LONDON, April 8 – RAPSI. An individual was offered £660,000 to assassinate former Bank of Moscow president Andrei Borodin, who was granted asylum in the UK last February based on claims of political persecution, according to The Daily Mirror.

The news agency reported that the same police officers investigating the recent death of Russian oligarch and outspoken Kremlin critic Boris Berezovsky have taken the alleged Borodin murder plot under their wing as well.

Berezovsky was found dead in his UK home on March 23. An investigation into the cause of death is currently underway.

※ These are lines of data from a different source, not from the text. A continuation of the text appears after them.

lemma eventually_feas_along_ray:
  fixes A :: "real ^ 'n ^ 'm"
  assumes y: "y \<in> feas A b" and q: "\<And>t. t \<in> active_set A b y \<Longrightarrow> A $ t \<bullet> q \<le> \<beta> $ t"
  shows "\<forall>\<^sub>F \<mu> in at_right 0. y + \<mu> *\<^sub>R q \<in> feas A (b + \<mu> *\<^sub>R \<beta>)"
  unfolding mem_feas_iff
proof (rule eventually_all_finite)
  fix t
  show "\<forall>\<^sub>F \<mu> in at_right 0. A $ t \<bullet> (y + \<mu> *\<^sub>R q) \<le> (b + \<mu> *\<^sub>R \<beta>) $ t"
  proof (cases "t \<in> active_set A b y")
    case True
    show ?thesis
      using eventually_at_right_less[of 0]
    proof (rule eventually_mono)
      fix \<mu> :: real
      assume "0 < \<mu>"
      then have "\<mu> * (A $ t \<bullet> q) \<le> \<mu> * \<beta> $ t"
        using q[OF True] by (simp add: mult_left_mono)
      then show "A $ t \<bullet> (y + \<mu> *\<^sub>R q) \<le> (b + \<mu> *\<^sub>R \<beta>) $ t"
        using True by (simp add: active_set_def inner_add_right)
    qed
  next
    case False
    then have "A $ t \<bullet> y - b $ t < 0"
      using y by (auto simp: active_set_def mem_feas_iff order_le_less)
    moreover have "((\<lambda>\<mu>. A $ t \<bullet> (y + \<mu> *\<^sub>R q) - (b + \<mu> *\<^sub>R \<beta>) $ t) \<longlongrightarrow>
                    A $ t \<bullet> (y + 0 *\<^sub>R q) - (b + 0 *\<^sub>R \<beta>) $ t) (at_right 0)"
      by (intro tendsto_intros)
    ultimately have "\<forall>\<^sub>F \<mu> in at_right 0. A $ t \<bullet> (y + \<mu> *\<^sub>R q) - (b + \<mu> *\<^sub>R \<beta>) $ t < 0"
      using order_tendstoD(2) by fastforce
    then show ?thesis
      by (rule eventually_mono) simp
  qed
qed

lemma exists_shift_respecting_active:
  fixes A :: "real ^ 'n ^ 'm"
  assumes x: "x \<in> feas A b" and active: "active_set A b x \<subseteq> active_set A b y"
    and z: "z \<in> feas A b'"
  shows "\<exists>s. \<forall>t\<in>active_set A b y. A $ t \<bullet> (z - x + s *\<^sub>R (x - y)) \<le> (b' - b) $ t"
proof (rule exists_shift_into_halfspaces[OF finite])
  fix t
  assume t: "t \<in> active_set A b y"
  show "A $ t \<bullet> (x - y) < 0 \<or> A $ t \<bullet> (x - y) = 0 \<and> A $ t \<bullet> (z - x) \<le> (b' - b) $ t"
  proof (cases "t \<in> active_set A b x")
    case True
    then show ?thesis
      using t active z by (auto simp: active_set_def mem_feas_iff inner_diff_right)
  next
    case False
    then show ?thesis
      using t x by (auto simp: active_set_def mem_feas_iff inner_diff_right order_le_less)
  qed
qed
section \<open>Inverting the fixed point equation\<close>

lemma inverse_sqrt_lipschitz:
  fixes y1 y2 m :: real
  assumes m: "m > 0" and y: "y1 \<ge> m" "y2 \<ge> m"
  shows "\<bar>1 / sqrt y1 - 1 / sqrt y2\<bar> \<le> \<bar>y1 - y2\<bar> / (2 * m * sqrt m)"
proof -
  define a b where "a = sqrt y1" and "b = sqrt y2"
  have sm: "sqrt m > 0" using m by simp
  have a: "a \<ge> sqrt m" "b \<ge> sqrt m" using y by (auto simp: a_def b_def)
  have ap: "a > 0" "b > 0" using a sm by linarith+
  have y1: "y1 = a^2" and y2: "y2 = b^2" using y m by (auto simp: a_def b_def)
  have "(a + b) * a * b \<noteq> 0" using ap by simp
  then have "1 / a - 1 / b = (b^2 - a^2) / ((a + b) * a * b)"
    by (subst eq_divide_eq) (auto simp: algebra_simps power2_eq_square)
  then have "\<bar>1 / a - 1 / b\<bar> = \<bar>a^2 - b^2\<bar> / ((a + b) * a * b)" using ap
    by (simp add: abs_minus_commute)
  also have "\<dots> \<le> \<bar>a^2 - b^2\<bar> / (2 * m * sqrt m)"
  proof (rule divide_left_mono)
    have "(a + b) * (a * b) \<ge> (2 * sqrt m) * (sqrt m * sqrt m)"
      using a sm ap by (intro mult_mono) (auto intro!: mult_mono)
    then show "2 * m * sqrt m \<le> (a + b) * a * b" using m by (simp add: ac_simps)
    show "0 < (a + b) * a * b * (2 * m * sqrt m)" using ap m by simp
  qed simp
  moreover have "sqrt y1 = a" "sqrt y2 = b" by (simp_all add: a_def b_def)
  ultimately show ?thesis by (simp only: y1 y2)
qed

lemma ln_lipschitz:
  fixes a b \<mu> :: real
  assumes "\<mu> > 0" "a \<ge> \<mu>" "b \<ge> \<mu>"
  shows "\<bar>ln a - ln b\<bar> \<le> \<bar>a - b\<bar> / \<mu>"
proof -
  have "ln a - ln b \<le> (a - b) / b" if "a \<ge> \<mu>" "b \<ge> \<mu>" for a b
  proof -
    have "ln (a / b) \<le> a / b - 1" using that assms(1) by (intro ln_le_minus_one) auto
    then show ?thesis using that assms(1) by (simp add: ln_div field_simps)
  qed
  moreover have "(a - b) / b \<le> \<bar>a - b\<bar> / \<mu>" if "a \<ge> \<mu>" "b \<ge> \<mu>" for a b
  proof -
    have "(a - b) / b \<le> \<bar>a - b\<bar> / b" using that assms(1) by (simp add: divide_right_mono)
    also have "\<dots> \<le> \<bar>a - b\<bar> / \<mu>" using that assms(1) by (intro divide_left_mono) auto
    finally show ?thesis .
  qed
  ultimately have "ln a - ln b \<le> \<bar>a - b\<bar> / \<mu>" "ln b - ln a \<le> \<bar>b - a\<bar> / \<mu>"
    using assms by (meson order_trans)+
  then show ?thesis by (simp add: abs_minus_commute)
qed

lemma inverse_sqrt_taylor:
  fixes D y m Mx :: real
  assumes m: "m > 0" and D: "m \<le> D" "D \<le> Mx" and y: "m \<le> y" "y \<le> Mx"
  shows "\<bar>1 / sqrt y - 1 / sqrt D - (D - y) / (2 * D * sqrt D)\<bar> \<le> (3 * sqrt Mx / (8 * m^3)) * (D - y)^2"
proof -
  define a b where "a = sqrt D" and "b = sqrt y"
  have sm: "sqrt m > 0" using m by simp
  have a: "a \<ge> sqrt m" "b \<ge> sqrt m" "a \<le> sqrt Mx" "b \<le> sqrt Mx" using D y by (auto simp: a_def b_def)
  have ap: "a > 0" "b > 0" using a sm by linarith+
  have D2: "D = a^2" and y2: "y = b^2" using D y m by (auto simp: a_def b_def)
  have id: "1/b - 1/a - (a^2-b^2)/(2*a^2*a) = (a-b)^2*(2*a+b)/(2*a^3*b)"
    using ap by (simp add: diff_frac_eq frac_eq_eq) algebra
  have id2: "(a-b)^2 = (a^2-b^2)^2 / (a+b)^2"
    using ap by (simp add: eq_divide_eq) algebra
  have num: "2 * a + b \<le> 3 * sqrt Mx" using a by linarith
  have den: "8 * m^3 \<le> 2 * a^3 * b * (a + b)^2"
  proof -
    have "2 * sqrt m \<le> a + b" using a by linarith
    then have h3: "(2 * sqrt m)^2 \<le> (a + b)^2" using sm by (intro power_mono) auto
    have h1: "(sqrt m)^3 \<le> a^3" by (rule power_mono) (use a sm in auto)
    have "(sqrt m)^3 * sqrt m \<le> a^3 * b" by (rule mult_mono[OF h1 a(2)]) (use sm ap in auto)
    then have "(sqrt m)^3 * sqrt m * (2 * sqrt m)^2 \<le> a^3 * b * (a + b)^2"
      by (rule mult_mono[OF _ h3]) (use sm ap in auto)
    moreover have "(sqrt m)^3 * sqrt m * (2 * sqrt m)^2 = 4 * m^3"
    proof -
      have "(sqrt m)^3 * sqrt m * (2 * sqrt m)^2 = 4 * ((sqrt m)^2)^3" by algebra
      also have "(sqrt m)^2 = m" using m by simp
      finally show ?thesis .
    qed
    ultimately have "4 * m^3 \<le> a^3 * b * (a + b)^2" by linarith
    moreover have "2 * a^3 * b * (a + b)^2 = 2 * (a^3 * b * (a + b)^2)" by (simp add: mult.assoc)
    ultimately show ?thesis by linarith
  qed
  have "(a-b)^2*(2*a+b)/(2*a^3*b) = (a^2-b^2)^2/(a+b)^2*(2*a+b)/(2*a^3*b)"
    by (simp only: id2)
  also have "\<dots> = (a^2-b^2)^2 * ((2*a+b) / (2*a^3*b*(a+b)^2))"
    by simp
  also have "\<dots> \<le> (a^2-b^2)^2 * (3 * sqrt Mx / (8 * m^3))"
    by (rule mult_left_mono[OF frac_le[OF _ num _ den]]) (use m D in auto)
  finally have "\<bar>1 / b - 1 / a - (a^2 - b^2) / (2 * a^2 * a)\<bar> \<le> (3 * sqrt Mx / (8 * m^3)) * (a^2 - b^2)^2"
    using id ap by (simp add: mult.commute)
  moreover have "sqrt D = a" "sqrt y = b" by (simp_all add: a_def b_def)
  ultimately show ?thesis by (simp only: D2 y2)
qed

Borodin, under whom the Bank of Moscow functioned as the city's chief investment vehicle under Moscow Mayor Yury Luzhkov, fled to the UK in 2011.

In late 2010 Borodin and his former first deputy Dmitry Akulinin were charged with large-scale fraud involving state funds. They are accused of lending $443 million to shell companies, which then transferred the funds to Yelena Baturina, the wife of Moscow ex-mayor Yury Luzhkov and the former owner of the construction empire Inteco.

In November 2011, Interpol's Russian office placed a red notice on Borodin and Akulinin, stating that they were wanted by Russia for fraud.

Borodin claims that the criminal cases against him and his first deputy were opened on false premises and were politically motivated.

The Russian court has placed an injunction over $400 million in Borodin's foreign bank accounts and has arrested his land plots, unfinished construction projects, exclusive cars and his small stake in the Bank of Moscow.

The Bank of Moscow, which was taken over by VTB last year and issued 295 billion rubles (nearly $10 billion) to replenish its budget, will claim the frozen assets if Borodin is convicted of having caused the bank losses, a bank spokesperson said in October last year.

Borodin's lawyer Dmitry Kharitonov told RAPSI on March 1 that Britain had granted Andrei Borodin political asylum.

Kommersant then reported that the Russian Prosecutor General's Office intended to send the UK a request to revoke Borodin’s political asylum status.
Chief of the Prosecutor General's Office’s main department for international cooperationSaak Karapetyan reportedly vowed to continue to press charges against Borodin and will search for him abroad. He said that they were cooperating with the law enforcement agencies of Switzerland, Cyprus, Liechtenstein, Latvia and Luxembourg on this case.